Learn Forex Stochastic Strategy
This tutorial will talk about how to come up with a trading strategy that is based on the stochastic indicator. This stochastic strategy will be used by traders to trade trending markets. This strategy is simple to trade with and simple to follow. Using the stochastic oscillators traders can use this indicator to come up with a trading strategy that will be used to identify trends.
Forex Trend
The different techniques used to figure out & identify market trends.
·An upward trend is when the market is moving in an upward general direction and the price keeps making higher highs and higher lows.
·A downward trend is when the market is moving in a downward general direction and the price keeps making lower lows and lower highs.
This is the first thing to look for when determining the trend, a trader can then use another method to confirm the market trend. For example a trader may use a trend-line and if the trend-line direction is up the market trend is then upward but if the trend-line direction is down then the trend is downwards.
A trader can also use the 200 day moving average to determine the market trend. If the price is above the 200 day moving average then the trend is considered as an upwards bullish trend. If the price is below the 200 day moving average then the trend is considered as a downwards bearish trend.
Stochastic Trading Strategy
After determining the trend the trader will then use the stochastic indicator to ascertain where to open a buy or a sell trade. For this strategy a trader will use the overbought & oversold levels to detect when to open trades. Oversold level is the 20 mark on the stochastic & the overbought level is the 80 mark on the stochastic oscillator.
Upwards FX Trend - in an upwards trend the trader will wait for stochastic indicator to pull back & move downwards up to the oversold levels. This will mean that there is a short term market retracement and a trader will wait for the best opportunity to buy after this pullback. Once the stochastic oscillator reaches the oversold level it will not stay there for long because the market trend is upward and this will only be a temporary price pull-back.
A trader will open a buy trade once the stochastic oscillator leaves the oversold level and starts heading upward.

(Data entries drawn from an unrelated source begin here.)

definition pisano :: "nat \<Rightarrow> nat" where
  "pisano n = (LEAST k. 0 < k \<and> (\<forall>m. fib (m + k) mod n = fib m mod n))"

end

(*
  Expanding Binet's formula binomially gives 2^(n-1) F_n = sum over odd k of C(n,k) 5^((k-1)/2).
  For an odd prime p this yields F_p = 5^((p-1)/2) and 2 F_(p+1) = 1 + 5^((p-1)/2) mod p, and
  5^((p-1)/2) = (5/p) = +-1 by Euler's criterion, so p divides F_(p-1) or F_(p+1).
  If q = 1 or 4 mod 5, reciprocity gives (5/q) = 1, hence F_(q-1) = 0 and F_q = 1 mod q, so
  pi(q) divides q - 1. Then z(p), for p = 2q + 1, divides 2q - 2 and one of 2q, 2q + 2, hence 4,
  so p divides F_4 = 3, which is absurd. The remaining residues of q modulo 3 and 5 are excluded
  because q and 2q + 1 are primes larger than 5, leaving q = 8 mod 15.
*)
theory Submission
  imports Defs
begin

definition fib_binom_sum :: "nat \<Rightarrow> nat" where
  "fib_binom_sum n = (\<Sum>k\<le>n. if odd k then (n choose k) * 5 ^ (k div 2) else 0)"

lemma fib_binom_sum_eq: "2 ^ n * fib n = 2 * fib_binom_sum n"
proof -
  define s :: real where "s = sqrt 5"
  have s_nz: "s \<noteq> 0" unfolding s_def by simp
  have s_odd_power: "s ^ k = 5 ^ (k div 2) * s" if "odd k" for k
  proof -
    have "k = 2 * (k div 2) + 1" using that by presburger
    then have "s ^ k = (s\<^sup>2) ^ (k div 2) * s"
      by (metis power_Suc2 power_mult Suc_eq_plus1)
    then show ?thesis by (simp add: s_def)
  qed
  have "(1 + s) ^ n - (1 - s) ^ n = (\<Sum>k\<le>n. of_nat (n choose k) * (s ^ k - (-s) ^ k))"
    using binomial_ring[of s 1 n] binomial_ring[of "-s" 1 n]
    by (simp add: sum_subtractf algebra_simps)
  also have "\<dots> = (\<Sum>k\<le>n. 2 * s * (if odd k then of_nat (n choose k) * 5 ^ (k div 2) else 0))"
    by (intro sum.cong refl) (auto simp: s_odd_power)
  also have "\<dots> = 2 * s * real (fib_binom_sum n)"
    by (simp add: fib_binom_sum_def sum_distrib_left if_distrib cong: if_cong)
  finally have binom: "(1 + s) ^ n - (1 - s) ^ n = 2 * s * real (fib_binom_sum n)" .
  have "real (2 ^ n * fib n) * s = (1 + s) ^ n - (1 - s) ^ n"
    using fib_closed_form[of n] s_nz unfolding s_def[symmetric]
    by (simp add: power_divide field_simps)
  then have "real (2 ^ n * fib n) = real (2 * fib_binom_sum n)"
    using binom s_nz by simp
  then show ?thesis by (simp only: of_nat_eq_iff)
qed

lemma fib_binom_sum_prime_cong:
  assumes "prime p" "odd p"
  shows "[fib_binom_sum p = 5 ^ (p div 2)] (mod p)"
proof -
  let ?f = "\<lambda>k. if odd k then (p choose k) * 5 ^ (k div 2) else 0"
  have "[(\<Sum>k<p. ?f k) = 0] (mod p)"
    unfolding cong_0_iff
  proof (intro dvd_sum)
    fix k assume "k \<in> {..<p}"
    then have "k = 0 \<or> p dvd (p choose k)"
      using assms(1) dvd_choose_prime[of k p] by auto
    then show "p dvd ?f k"
      by (auto intro: dvd_mult2)
  qed
  then have "[(\<Sum>k<p. ?f k) + ?f p = 0 + ?f p] (mod p)"
    by (rule cong_add) simp
  then show ?thesis
    using assms(2) by (simp add: fib_binom_sum_def flip: lessThan_Suc_atMost)
qed

lemma fib_binom_sum_Suc_prime_cong:
  assumes "prime p" "odd p"
  shows "[fib_binom_sum (p + 1) = 1 + 5 ^ (p div 2)] (mod p)"
proof -
  let ?f = "\<lambda>k. if odd k then ((p + 1) choose k) * 5 ^ (k div 2) else 0"
  have p3: "p \<ge> 3"
    using assms prime_ge_2_nat[of p] by presburger
  have "[(\<Sum>k\<in>{..p+1} - {1, p}. ?f k) = 0] (mod p)"
    unfolding cong_0_iff
  proof (intro dvd_sum)
    fix k assume k: "k \<in> {..p+1} - {1, p}"
    show "p dvd ?f k"
    proof (cases "odd k")
      case True
      with k assms(2) have "2 \<le> k" "k < p"
        by (auto elim!: oddE)
      then have "p dvd (p choose (k - 1)) + (p choose k)"
        using assms(1) by (intro dvd_add dvd_choose_prime) auto
      moreover have "(p + 1) choose k = (p choose (k - 1)) + (p choose k)"
        using \<open>2 \<le> k\<close> by (cases k) auto
      ultimately show ?thesis by simp
    qed simp
  qed
  moreover have "(\<Sum>k\<in>{1, p}. ?f k) = (p + 1) * (1 + 5 ^ (p div 2))"
    using assms(2) p3 binomial_symmetric[of p "p + 1"] by (simp add: algebra_simps)
  moreover have "[(p + 1) * (1 + 5 ^ (p div 2)) = 1 * (1 + 5 ^ (p div 2))] (mod p)"
    using p3 by (intro cong_scalar_right) (simp add: cong_def mod_Suc)
  ultimately have "[(\<Sum>k\<in>{..p+1} - {1, p}. ?f k) + (\<Sum>k\<in>{1, p}. ?f k) = 0 + 1 * (1 + 5 ^ (p div 2))] (mod p)"
    by (intro cong_add) simp_all
  moreover have "fib_binom_sum (p + 1) = (\<Sum>k\<in>{..p+1} - {1, p}. ?f k) + (\<Sum>k\<in>{1, p}. ?f k)"
    unfolding fib_binom_sum_def by (rule sum.subset_diff) auto
  ultimately show ?thesis
    by simp
qed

Down-wards Trading Trend - in a downward trend the trader will wait for stochastic indicator to retrace upwards & move upwards up to the overbought levels. This will mean that there is a short term market retracement and a trader will wait for the best opportunity to sell after this upward retracement. Once the stochastic oscillator gets to the overbought level it will not stay there for long because the trend is downwards & this will only be a temporary price pull back.
A trader will open a sell trade once the stochastic oscillator leaves the overbought level and starts heading downward.
One can use this strategy to find the best place where to open a trade after a price pull back. This will increase the chances of the trader becoming more profitable because the trades will be opened at the best point - that is after a price pull back. This will increase the risk reward ratio of the trades as the chances of the trades retracing further after these points are minimized because the price is already oversold in an upwards trending market or overbought in a downward trending market.
A trader should then set their stoploss orders a few pips below where they opened a buy trade or a few pips above where they opened a sell trade. The trader will then determine where to take profits based on a favorable risk reward ratio, or they can set the take profit at a specified number of pips based on the rules of their forex plan.